▶ THE PROBLEM: Please repeat the lines of the material below exactly, starting with the one that contains "thus ?thesis using r0" and ending with the last.

***** PROVIDED RECORDS *****

lemma nonneg_quadratic_imp_zero:
  fixes X :: complex and q :: real
  assumes nonneg: "\<And>a. 0 \<le> Re (cnj a * X + a * cnj X) + (cmod a)\<^sup>2 * q"
  shows "X = 0"
proof -
  define t where "t = 1 / (\<bar>q\<bar> + 1)"
  have t0: "0 < t" and tq: "t * q < 1" by (auto simp: t_def field_simps)
  have "Re (cnj a * X + a * cnj X) = - 2 * t * (cmod X)\<^sup>2" if "a = - (of_real t * X)" for a
  proof -
    have "cnj a * X + a * cnj X = - of_real (2 * t) * (X * cnj X)" using that by (simp add: algebra_simps)
    thus ?thesis by (simp only: complex_norm_square[symmetric] of_real_mult[symmetric]
          of_real_minus[symmetric] Re_complex_of_real)
  qed
  moreover have "(cmod (- (of_real t * X)))\<^sup>2 = t\<^sup>2 * (cmod X)\<^sup>2"
    using t0 by (simp add: norm_mult power_mult_distrib)
  ultimately have "0 \<le> t * (cmod X)\<^sup>2 * (t * q - 2)"
    using nonneg[of "- (of_real t * X)"] by (simp add: power2_eq_square algebra_simps)
  hence "t * (cmod X)\<^sup>2 \<le> 0" using tq by (simp add: mult_le_0_iff zero_le_mult_iff)
  thus ?thesis using t0 by (simp add: mult_le_0_iff)
qed


locale rkhs_space =
  fixes K :: "'a \<Rightarrow> 'a \<Rightarrow> complex" and H :: "('a \<Rightarrow> complex) set"
    and ip :: "('a \<Rightarrow> complex) \<Rightarrow> ('a \<Rightarrow> complex) \<Rightarrow> complex"
  assumes rkhs: "is_rkhs K H ip"
begin

lemma zero_in: "(\<lambda>_. 0) \<in> H" using rkhs unfolding is_rkhs_def by blast
lemma add_in: "f \<in> H \<Longrightarrow> g \<in> H \<Longrightarrow> (\<lambda>x. f x + g x) \<in> H" using rkhs unfolding is_rkhs_def by blast
lemma scale_in: "f \<in> H \<Longrightarrow> (\<lambda>x. c * f x) \<in> H" using rkhs unfolding is_rkhs_def by blast
lemma ip_add: "f \<in> H \<Longrightarrow> g \<in> H \<Longrightarrow> h \<in> H \<Longrightarrow> ip (\<lambda>x. f x + g x) h = ip f h + ip g h"
  using rkhs unfolding is_rkhs_def by blast
lemma ip_scale: "f \<in> H \<Longrightarrow> g \<in> H \<Longrightarrow> ip (\<lambda>x. c * f x) g = c * ip f g"
  using rkhs unfolding is_rkhs_def by blast
lemma ip_sym: "f \<in> H \<Longrightarrow> g \<in> H \<Longrightarrow> ip g f = cnj (ip f g)"
  using rkhs unfolding is_rkhs_def by blast
lemma ip_pos: "f \<in> H \<Longrightarrow> 0 \<le> Re (ip f f)"
  using rkhs unfolding is_rkhs_def by blast
lemma K_in: "K y \<in> H" using rkhs unfolding is_rkhs_def by blast
lemma repr: "f \<in> H \<Longrightarrow> f y = ip f (K y)" using rkhs unfolding is_rkhs_def by blast

lemma ip_K_K: "ip (K a) (K b) = K a b" using repr[OF K_in, of a b] by simp

lemma ip_K_left: assumes "f \<in> H" shows "ip (K y) f = cnj (f y)"
  using ip_sym[OF assms K_in] repr[OF assms, of y] by simp

definition lin :: "('a \<Rightarrow> complex) \<Rightarrow> complex \<Rightarrow> ('a \<Rightarrow> complex) \<Rightarrow> 'a \<Rightarrow> complex" where
  "lin f a g = (\<lambda>x. f x + a * g x)"

lemma lin_in: "f \<in> H \<Longrightarrow> g \<in> H \<Longrightarrow> lin f a g \<in> H"
  unfolding lin_def by (rule add_in, assumption, rule scale_in)

lemma ip_lin: "f \<in> H \<Longrightarrow> g \<in> H \<Longrightarrow> h \<in> H \<Longrightarrow> ip (lin f a g) h = ip f h + a * ip g h"
  unfolding lin_def by (subst ip_add, assumption, rule scale_in, assumption+) (simp add: ip_scale)

lemma ip_lin_r:
  assumes "f \<in> H" "g \<in> H" "h \<in> H" shows "ip h (lin f a g) = ip h f + cnj a * ip h g"
proof -
  have "ip h (lin f a g) = cnj (ip (lin f a g) h)" using assms lin_in ip_sym by blast
  also have "\<dots> = cnj (ip f h) + cnj a * cnj (ip g h)" using assms by (simp add: ip_lin)
  finally show ?thesis using assms ip_sym by metis
qed

lemma ip_lin_lin:
  assumes "f \<in> H" "g \<in> H"
  shows "ip (lin f a g) (lin f a g) = ip f f + cnj a * ip f g + a * ip g f + a * cnj a * ip g g"
  using assms by (simp add: ip_lin ip_lin_r lin_in algebra_simps)

lemma minus_lin: "f - g = lin f (-1) g" by (simp add: lin_def fun_eq_iff)

lemma minus_in: "f \<in> H \<Longrightarrow> g \<in> H \<Longrightarrow> f - g \<in> H"
  by (simp add: minus_lin lin_in)

lemma ip_minus: "f \<in> H \<Longrightarrow> g \<in> H \<Longrightarrow> h \<in> H \<Longrightarrow> ip (f - g) h = ip f h - ip g h"
  by (simp add: minus_lin ip_lin)

lemma ip_minus_r: "f \<in> H \<Longrightarrow> g \<in> H \<Longrightarrow> h \<in> H \<Longrightarrow> ip h (f - g) = ip h f - ip h g"
  by (simp add: minus_lin ip_lin_r)

lemma ip_real: "f \<in> H \<Longrightarrow> ip f f = complex_of_real (Re (ip f f))"
  using ip_sym[of f f] by (simp add: complex_eq_iff)

lemma sum_Suc_lin: "(\<lambda>y. \<Sum>k<Suc n. c k * v k y) = lin (\<lambda>y. \<Sum>k<n. c k * v k y) (c n) (v n)"
  by (simp add: lin_def)

lemma sum_in: "(\<And>k::nat. k < n \<Longrightarrow> v k \<in> H) \<Longrightarrow> (\<lambda>y. \<Sum>k<n. c k * v k y) \<in> H"
proof (induction n)
  case 0 thus ?case using zero_in by simp
next
  case (Suc n)
  show ?case unfolding sum_Suc_lin by (rule lin_in) (use Suc in auto)
qed

lemma ip_sum:
  "(\<And>k::nat. k < n \<Longrightarrow> v k \<in> H) \<Longrightarrow> g \<in> H \<Longrightarrow>
   ip (\<lambda>y. \<Sum>k<n. c k * v k y) g = (\<Sum>k<n. c k * ip (v k) g)"
proof (induction n)
  case 0 thus ?case using ip_scale[OF zero_in, of g 0] by simp
next
  case (Suc n)
  have "(\<lambda>y. \<Sum>k<n. c k * v k y) \<in> H" by (rule sum_in) (use Suc in auto)
  thus ?case unfolding sum_Suc_lin using Suc by (simp add: ip_lin)
qed

lemma ip_sum_r:
  assumes "\<And>k::nat. k < n \<Longrightarrow> v k \<in> H" "g \<in> H"
  shows "ip g (\<lambda>y. \<Sum>k<n. c k * v k y) = (\<Sum>k<n. cnj (c k) * ip g (v k))"
proof -
  have "ip g (\<lambda>y. \<Sum>k<n. c k * v k y) = cnj (ip (\<lambda>y. \<Sum>k<n. c k * v k y) g)"
    using assms sum_in ip_sym by blast
  also have "\<dots> = (\<Sum>k<n. cnj (c k) * cnj (ip (v k) g))" using assms by (simp add: ip_sum)
  also have "\<dots> = (\<Sum>k<n. cnj (c k) * ip g (v k))"
    by (intro sum.cong refl) (metis assms ip_sym lessThan_iff)
  finally show ?thesis .
qed

lemma cauchy_schwarz:
  assumes f: "f \<in> H" and g: "g \<in> H"
  shows "(cmod (ip f g))\<^sup>2 \<le> Re (ip f f) * Re (ip g g)"
proof (cases "Re (ip g g) = 0")
  case True
  hence gg: "ip g g = 0" using ip_real[OF g] by (metis of_real_0)
  have "0 \<le> Re (ip (lin f (- (of_real t * ip f g)) g) (lin f (- (of_real t * ip f g)) g))" for t
    using ip_pos f g lin_in by blast
  hence "0 \<le> Re (ip f f) - 2 * t * ((Re (ip f g))\<^sup>2 + (Im (ip f g))\<^sup>2)" for t
    unfolding ip_lin_lin[OF f g] using gg ip_sym[OF f g]
    by (simp add: power2_eq_square algebra_simps)
  hence "0 \<le> Re (ip f f) - 2 * t * (cmod (ip f g))\<^sup>2" for t by (simp add: cmod_power2)
  from this[of "(Re (ip f f) + 1) / (2 * (cmod (ip f g))\<^sup>2)"]
  have "(cmod (ip f g))\<^sup>2 = 0" using ip_pos[OF f]
    by (cases "(cmod (ip f g))\<^sup>2 = 0") (auto simp: field_simps)
  thus ?thesis using True by simp
next
  case False
  define r where "r = Re (ip g g)"
  define p where "p = ip f g"
  have r0: "r > 0" using False ip_pos[OF g] by (simp add: r_def)
  have gg: "ip g g = of_real r" using ip_real[OF g] by (simp add: r_def)
  define a where "a = p / of_real r"
  have "ip (lin f (- a) g) (lin f (- a) g) = ip f f - cnj a * p - a * cnj p + a * cnj a * of_real r"
    unfolding ip_lin_lin[OF f g] ip_sym[OF f g] p_def using gg by simp
  also have "\<dots> = ip f f - p * cnj p / of_real r"
    unfolding a_def using r0 by (simp add: field_simps)
  also have "\<dots> = ip f f - of_real ((cmod p)\<^sup>2 / r)"
    by (simp only: complex_norm_square[symmetric] of_real_divide)
  finally have "0 \<le> Re (ip f f) - (cmod p)\<^sup>2 / r"
    using ip_pos[OF lin_in[OF f g, of "- a"]] by simp
  thus ?thesis using r0 by (simp add: field_simps p_def r_def)
qed

definition nsq :: "('a \<Rightarrow> complex) \<Rightarrow> real" where "nsq f = Re (ip f f)"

*****

▶ WRITTEN ANSWER:
  thus ?thesis using r0 by (simp add: field_simps p_def r_def)
qed

definition nsq :: "('a \<Rightarrow> complex) \<Rightarrow> real" where "nsq f = Re (ip f f)"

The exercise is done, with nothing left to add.